I agree.  Especially since the beans are not an acidic environment that would help retard contamination.

Toss 'em.


----------



## vagriller (Jul 12, 2010)

Ok, thanks!


----------



## BreezyCooking (Jul 12, 2010)

While I agree technically with what GB & AndyM are telling you, I've done the same thing several times with absolutely no problems. Especially since the finished dish had me reheating those beans to way over the boiling point for a decent amount of time.

Again - I'm not telling you to do what I did. Just telling you my personal experience.  If it were me, I'd still use the beans.


----------



## Bigjim68 (Jul 12, 2010)

BreezyCooking said:


> While I agree technically with what GB & AndyM are telling you, I've done the same thing several times with absolutely no problems. Especially since the finished dish had me reheating those beans to way over the boiling point for a decent amount of time.
> 
> Again - I'm not telling you to do what I did. Just telling you my personal experience.  If it were me, I'd still use the beans.

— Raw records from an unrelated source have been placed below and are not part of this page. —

(* Let $m,n\in\mathbb{N}$, $q\in(-1,1)\setminus\{0\}$, and let $\alpha_\pm=p_\pm q_\pm$, $\beta_\pm=p_\pm+q_\pm$ with $p_\pm,q_\pm\in(-1,1)\setminus\{0\}$ (equivalently $0<\alpha_\pm^2<1$ and $4\alpha_\pm\le\beta_\pm^2\le(1+\alpha_\pm)^2$). For $\xi=(\xi_1,\dots,\xi_m)\in\mathbb{R}^m_{\rm reg}$ define $\psi_\xi:\Lambda^{(n,m)}\to\mathbb{C}$ by $\psi_\xi(\mu)=R_{\mu'}(\xi_1,\dots,\xi_m)$. If $\xi\in\mathbb{R}^m_{\rm reg}$ satisfies the Bethe Ansatz equations $$e^{2{\rm i}n\xi_j}=\frac{(1-\beta_+e^{{\rm i}\xi_j}+\alpha_+e^{2{\rm i}\xi_j})}{(e^{2{\rm i}\xi_j}-\beta_+e^{{\rm i}\xi_j}+\alpha_+)}\frac{(1-\beta_-e^{{\rm i}\xi_j}+\alpha_-e^{2{\rm i}\xi_j})}{(e^{2{\rm i}\xi_j}-\beta_-e^{{\rm i}\xi_j}+\alpha_-)}\prod_{1\le k\le m,\,k\ne j}\frac{(1-qe^{{\rm i}(\xi_j-\xi_k)})(1-qe^{{\rm i}(\xi_j+\xi_k)})}{(e^{{\rm i}(\xi_j-\xi_k)}-q)(e^{{\rm i}(\xi_j+\xi_k)}-q)}$$ for $j=1,\dots,m$, then $H\psi_\xi=E(\xi)\psi_\xi$ with $E(\xi)=2(1-q)\sum_{1\le j\le m}\cos(\xi_j)$.
   Context: Let $\Lambda^{(n,m)}=\{\mu\in\mathbb{Z}^n\mid m\ge\mu_1\ge\cdots\ge\mu_n\ge0\}$ (similarly $\Lambda^{(m,n)}\subset\mathbb{Z}^m$ with parts between $0$ and $n$), with conventions $\mu_0\equiv m$, $\mu_{n+1}\equiv0$. Let $e_1,\dots,e_n$ be the standard unit vectors of $\mathbb{Z}^n$, and $\delta_i=1$ if $i=0$, $\delta_i=0$ otherwise. The hamiltonian $H$ acts on $\psi:\Lambda^{(n,m)}\to\mathbb{C}$ by $(H\psi)(\mu)=\bigl(\beta_+(1-q^{m-\mu_1})+\beta_-(1-q^{\mu_n})\bigr)\psi(\mu)+\sum_{1\le i\le n,\ \mu+e_i\in\Lambda^{(n,m)}}(1-\alpha_+q^{m-\mu_1-1})^{\delta_{i-1}}(1-q^{\mu_{i-1}-\mu_i})\psi(\mu+e_i)+\sum_{1\le i\le n,\ \mu-e_i\in\Lambda^{(n,m)}}(1-\alpha_-q^{\mu_n-1})^{\delta_{n-i}}(1-q^{\mu_i-\mu_{i+1}})\psi(\mu-e_i)$. For $\mu\in\Lambda^{(n,m)}$, its conjugate $\mu'\in\Lambda^{(m,n)}$ is the unique partition in $\Lambda^{(m,n)}$ in which the value $i$ occurs exactly $\mu_i-\mu_{i+1}$ times for $i=0,\dots,n$, i.e. $\mu'=(0^{m-\mu_1}1^{\mu_1-\mu_2}\cdots(n-1)^{\mu_{n-1}-\mu_n}n^{\mu_n})$ written in weakly decreasing order. Let $\mathbb{R}^m_{\rm reg}=\{\xi\in\mathbb{R}^m\mid 2\xi_j,\ \xi_j-\xi_k,\ \xi_j+\xi_k\notin2\pi\mathbb{Z}\ \forall\,1\le j\ne k\le m\}$. For $\lambda\in\Lambda^{(m,n)}$ and $\xi\in\mathbb{R}^m_{\rm reg}$ the hyperoctahedral Hall-Littlewood polynomial is $R_\lambda(\xi_1,\dots,\xi_m)=\sum_{\sigma\in S_m}\sum_{\epsilon\in\{1,-1\}^m}C(\epsilon_1\xi_{\sigma(1)},\dots,\epsilon_m\xi_{\sigma(m)})\exp\bigl({\rm i}\epsilon_1\xi_{\sigma(1)}\lambda_1+\cdots+{\rm i}\epsilon_m\xi_{\sigma(m)}\lambda_m\bigr)$, where $C(\xi_1,\dots,\xi_m)=\prod_{1\le j\le m}\frac{1-\beta_+e^{-{\rm i}\xi_j}+\alpha_+e^{-2{\rm i}\xi_j}}{1-e^{-2{\rm i}\xi_j}}\prod_{1\le j<k\le m}\frac{1-qe^{-{\rm i}(\xi_j-\xi_k)}}{1-e^{-{\rm i}(\xi_j-\xi_k)}}\cdot\frac{1-qe^{-{\rm i}(\xi_j+\xi_k)}}{1-e^{-{\rm i}(\xi_j+\xi_k)}}$. *)

theory Defs
  imports "HOL-Analysis.Analysis" "HOL-Combinatorics.Permutations"
begin

text \<open>Partitions mu in Lambda^(n,m) are encoded as functions nat => int, with entries
  mu 1, ..., mu n and value 0 outside the index range {1..n}.\<close>

definition Lam :: "nat \<Rightarrow> nat \<Rightarrow> (nat \<Rightarrow> int) set" where
  "Lam n m = {\<mu>. (\<forall>i. (i < 1 \<or> n < i) \<longrightarrow> \<mu> i = 0)
                 \<and> (\<forall>i\<in>{1..n}. 0 \<le> \<mu> i \<and> \<mu> i \<le> int m)
                 \<and> (\<forall>i\<in>{1..<n}. \<mu> (Suc i) \<le> \<mu> i)}"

I agree, most of the time I leave beans overnight to cool. I don't put boiling dishes in the fridge.


----------



## GB (Jul 12, 2010)

In my younger years I used to drive without a seatbelt all the time. I never got into an accident and never has a problem being sans belt. Now though, you would never catch me without a belt on. It is that one time you don't wear it that you will be very sorry you did not. The chances of you getting sick from those beans might not be high, but if you do roll the dice and lose the loss could be severe up to and including death.


----------



## bethzaring (Jul 12, 2010)

BreezyCooking said:


> While I agree technically with what GB & AndyM are telling you, I've done the same thing several times with absolutely no problems. Especially since the finished dish had me reheating those beans to *way over the boiling point* for a decent amount of time.
> 
> Again - I'm not telling you to do what I did. Just telling you my personal experience. If it were me, I'd still use the beans.


 

LOL, way over the boiling point....?


----------